■ **WHAT YOU NEED TO DO**: In full and unchanged, output the entries that follow.

Stored items
....

text \<open>With \<open>4c \<in> \<int>[\<tau>]\<close> the coefficients acquire a factor \<open>1/4\<close> per step; the powers of 4 clear
  these denominators, and the extra factor 2 on the first coefficient makes its leading term
  \<open>(4c)\<^sup>2 \<cdot> 2\<cdot>4\<^sup>n p\<^sub>n\<^sub>+\<^sub>1\<close> odd while all other terms are even.\<close>

lemma rot_coeffs_parity:
  assumes "Ztau_odd (4 * c)"
  shows "Ztau_odd (2 * 4^n * fst (rot_coeffs c (Suc n))) \<and> Ztau (4^n * snd (rot_coeffs c (Suc n)))"
proof (induction n)
  case 0
  show ?case using assms Ztau_of_int[of "-1"] by (simp add: algebra_simps)
next
  case (Suc n)
  define P where "P = 2 * 4^n * fst (rot_coeffs c (Suc n))"
  define Q where "Q = 4^n * snd (rot_coeffs c (Suc n))"
  define z where "z = 4 * c"
  have P: "Ztau_odd P" and Q: "Ztau Q" using Suc unfolding P_def Q_def by auto
  have z: "Ztau_odd z" using assms unfolding z_def .
  have PZ: "Ztau P" and zZ: "Ztau z" using P z by (simp_all add: Ztau_odd_Ztau)
  have fst_eq: "2 * 4^Suc n * fst (rot_coeffs c (Suc (Suc n))) = z * z * P + 2 * (-2 * P + 2 * z * Q)"
    unfolding P_def Q_def z_def by (simp add: algebra_simps power2_eq_square)
  have snd_eq: "4^Suc n * snd (rot_coeffs c (Suc (Suc n))) = - z * P - 4 * Q"
    unfolding P_def Q_def z_def by (simp add: algebra_simps)
  have "Ztau_odd (z * z * P + 2 * (-2 * P + 2 * z * Q))"
    by (intro Ztau_odd_add_Ztau2 Ztau_odd_mult Ztau2_double Ztau_add Ztau_mult Ztau_minus
        Ztau_numeral z P zZ PZ Q)
  moreover have "Ztau (- z * P - 4 * Q)"
    by (intro Ztau_diff Ztau_mult Ztau_minus Ztau_numeral zZ PZ Q)
  ultimately show ?case unfolding fst_eq snd_eq by simp
qed

lemma reflect_comp_reflect_power_neq_id:
  fixes \<alpha> \<beta> :: "real^4"
  assumes aa: "\<alpha> \<bullet> \<alpha> = 1" and bb: "\<beta> \<bullet> \<beta> = 1" and odd: "Ztau_odd (4 * (\<alpha> \<bullet> \<beta>))"
    and "n > 0"
  shows "(reflect \<alpha> \<circ> reflect \<beta>) ^^ n \<noteq> id"
proof
  assume T: "(reflect \<alpha> \<circ> reflect \<beta>) ^^ n = id"
  obtain m where m: "n = Suc m" using \<open>n > 0\<close> gr0_implies_Suc by blast
  define c where "c = \<alpha> \<bullet> \<beta>"
  define p where "p = fst (rot_coeffs c n)"
  define q where "q = snd (rot_coeffs c n)"
  have fixed: "\<beta> = p *\<^sub>R \<alpha> + q *\<^sub>R \<beta>"
    using reflect_comp_reflect_power_apply[OF aa bb, of n] T unfolding p_def q_def c_def by simp
  have "c = p + q * c" using arg_cong[OF fixed, of "inner \<alpha>"] aa
    unfolding c_def by (simp add: inner_add_right)
  moreover have "1 = p * c + q" using arg_cong[OF fixed, of "inner \<beta>"] bb
    unfolding c_def by (simp add: inner_add_right inner_commute)
  ultimately have "p * (1 - c\<^sup>2) = 0" by algebra
  moreover have "c\<^sup>2 \<noteq> 1"
  proof
    assume "c\<^sup>2 = 1"
    then have "4 * c = 2 * (of_int (if c = 1 then 2 else -2) + of_int 0 * tau)"
      by (auto simp: power2_eq_1_iff)
    then show False using odd unfolding c_def Ztau_odd_def Ztau2_def by blast
  qed
  moreover have "p \<noteq> 0"
    using rot_coeffs_parity[of c m] odd Ztau_odd_nonzero unfolding p_def c_def m by fastforce
  ultimately show False by simp
qed

section \<open>Galois conjugation\<close>

lemma galois_conj:
  assumes "a \<in> \<rat>" and "b \<in> \<rat>"
  shows "galois (a + b * sqrt 5) = a - b * sqrt 5"
  unfolding galois_def
proof (rule the_equality)
  show "\<exists>a'\<in>\<rat>. \<exists>b'\<in>\<rat>. a + b * sqrt 5 = a' + b' * sqrt 5 \<and> a - b * sqrt 5 = a' - b' * sqrt 5"
    using assms by blast
next
  fix y
  assume "\<exists>a'\<in>\<rat>. \<exists>b'\<in>\<rat>. a + b * sqrt 5 = a' + b' * sqrt 5 \<and> y = a' - b' * sqrt 5"
  then obtain a' b' where "a' \<in> \<rat>" "b' \<in> \<rat>" "a + b * sqrt 5 = a' + b' * sqrt 5" "y = a' - b' * sqrt 5"
    by blast
  with assms irrational_coeffs_unique[OF sqrt5_irrational] show "y = a - b * sqrt 5" by blast
qed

....

■ **RESPONSE BELOW**:
text \<open>With \<open>4c \<in> \<int>[\<tau>]\<close> the coefficients acquire a factor \<open>1/4\<close> per step; the powers of 4 clear
  these denominators, and the extra factor 2 on the first coefficient makes its leading term
  \<open>(4c)\<^sup>2 \<cdot> 2\<cdot>4\<^sup>n p\<^sub>n\<^sub>+\<^sub>1\<close> odd while all other terms are even.\<close>

lemma rot_coeffs_parity:
  assumes "Ztau_odd (4 * c)"
  shows "Ztau_odd (2 * 4^n * fst (rot_coeffs c (Suc n))) \<and> Ztau (4^n * snd (rot_coeffs c (Suc n)))"
proof (induction n)
  case 0
  show ?case using assms Ztau_of_int[of "-1"] by (simp add: algebra_simps)
next
  case (Suc n)
  define P where "P = 2 * 4^n * fst (rot_coeffs c (Suc n))"
  define Q where "Q = 4^n * snd (rot_coeffs c (Suc n))"
  define z where "z = 4 * c"
  have P: "Ztau_odd P" and Q: "Ztau Q" using Suc unfolding P_def Q_def by auto
  have z: "Ztau_odd z" using assms unfolding z_def .
  have PZ: "Ztau P" and zZ: "Ztau z" using P z by (simp_all add: Ztau_odd_Ztau)
  have fst_eq: "2 * 4^Suc n * fst (rot_coeffs c (Suc (Suc n))) = z * z * P + 2 * (-2 * P + 2 * z * Q)"
    unfolding P_def Q_def z_def by (simp add: algebra_simps power2_eq_square)
  have snd_eq: "4^Suc n * snd (rot_coeffs c (Suc (Suc n))) = - z * P - 4 * Q"
    unfolding P_def Q_def z_def by (simp add: algebra_simps)
  have "Ztau_odd (z * z * P + 2 * (-2 * P + 2 * z * Q))"
    by (intro Ztau_odd_add_Ztau2 Ztau_odd_mult Ztau2_double Ztau_add Ztau_mult Ztau_minus
        Ztau_numeral z P zZ PZ Q)
  moreover have "Ztau (- z * P - 4 * Q)"
    by (intro Ztau_diff Ztau_mult Ztau_minus Ztau_numeral zZ PZ Q)
  ultimately show ?case unfolding fst_eq snd_eq by simp
qed

lemma reflect_comp_reflect_power_neq_id:
  fixes \<alpha> \<beta> :: "real^4"
  assumes aa: "\<alpha> \<bullet> \<alpha> = 1" and bb: "\<beta> \<bullet> \<beta> = 1" and odd: "Ztau_odd (4 * (\<alpha> \<bullet> \<beta>))"
    and "n > 0"
  shows "(reflect \<alpha> \<circ> reflect \<beta>) ^^ n \<noteq> id"
proof
  assume T: "(reflect \<alpha> \<circ> reflect \<beta>) ^^ n = id"
  obtain m where m: "n = Suc m" using \<open>n > 0\<close> gr0_implies_Suc by blast
  define c where "c = \<alpha> \<bullet> \<beta>"
  define p where "p = fst (rot_coeffs c n)"
  define q where "q = snd (rot_coeffs c n)"
  have fixed: "\<beta> = p *\<^sub>R \<alpha> + q *\<^sub>R \<beta>"
    using reflect_comp_reflect_power_apply[OF aa bb, of n] T unfolding p_def q_def c_def by simp
  have "c = p + q * c" using arg_cong[OF fixed, of "inner \<alpha>"] aa
    unfolding c_def by (simp add: inner_add_right)
  moreover have "1 = p * c + q" using arg_cong[OF fixed, of "inner \<beta>"] bb
    unfolding c_def by (simp add: inner_add_right inner_commute)
  ultimately have "p * (1 - c\<^sup>2) = 0" by algebra
  moreover have "c\<^sup>2 \<noteq> 1"
  proof
    assume "c\<^sup>2 = 1"
    then have "4 * c = 2 * (of_int (if c = 1 then 2 else -2) + of_int 0 * tau)"
      by (auto simp: power2_eq_1_iff)
    then show False using odd unfolding c_def Ztau_odd_def Ztau2_def by blast
  qed
  moreover have "p \<noteq> 0"
    using rot_coeffs_parity[of c m] odd Ztau_odd_nonzero unfolding p_def c_def m by fastforce
  ultimately show False by simp
qed

section \<open>Galois conjugation\<close>

lemma galois_conj:
  assumes "a \<in> \<rat>" and "b \<in> \<rat>"
  shows "galois (a + b * sqrt 5) = a - b * sqrt 5"
  unfolding galois_def
proof (rule the_equality)
  show "\<exists>a'\<in>\<rat>. \<exists>b'\<in>\<rat>. a + b * sqrt 5 = a' + b' * sqrt 5 \<and> a - b * sqrt 5 = a' - b' * sqrt 5"
    using assms by blast
next
  fix y
  assume "\<exists>a'\<in>\<rat>. \<exists>b'\<in>\<rat>. a + b * sqrt 5 = a' + b' * sqrt 5 \<and> y = a' - b' * sqrt 5"
  then obtain a' b' where "a' \<in> \<rat>" "b' \<in> \<rat>" "a + b * sqrt 5 = a' + b' * sqrt 5" "y = a' - b' * sqrt 5"
    by blast
  with assms irrational_coeffs_unique[OF sqrt5_irrational] show "y = a - b * sqrt 5" by blast
qed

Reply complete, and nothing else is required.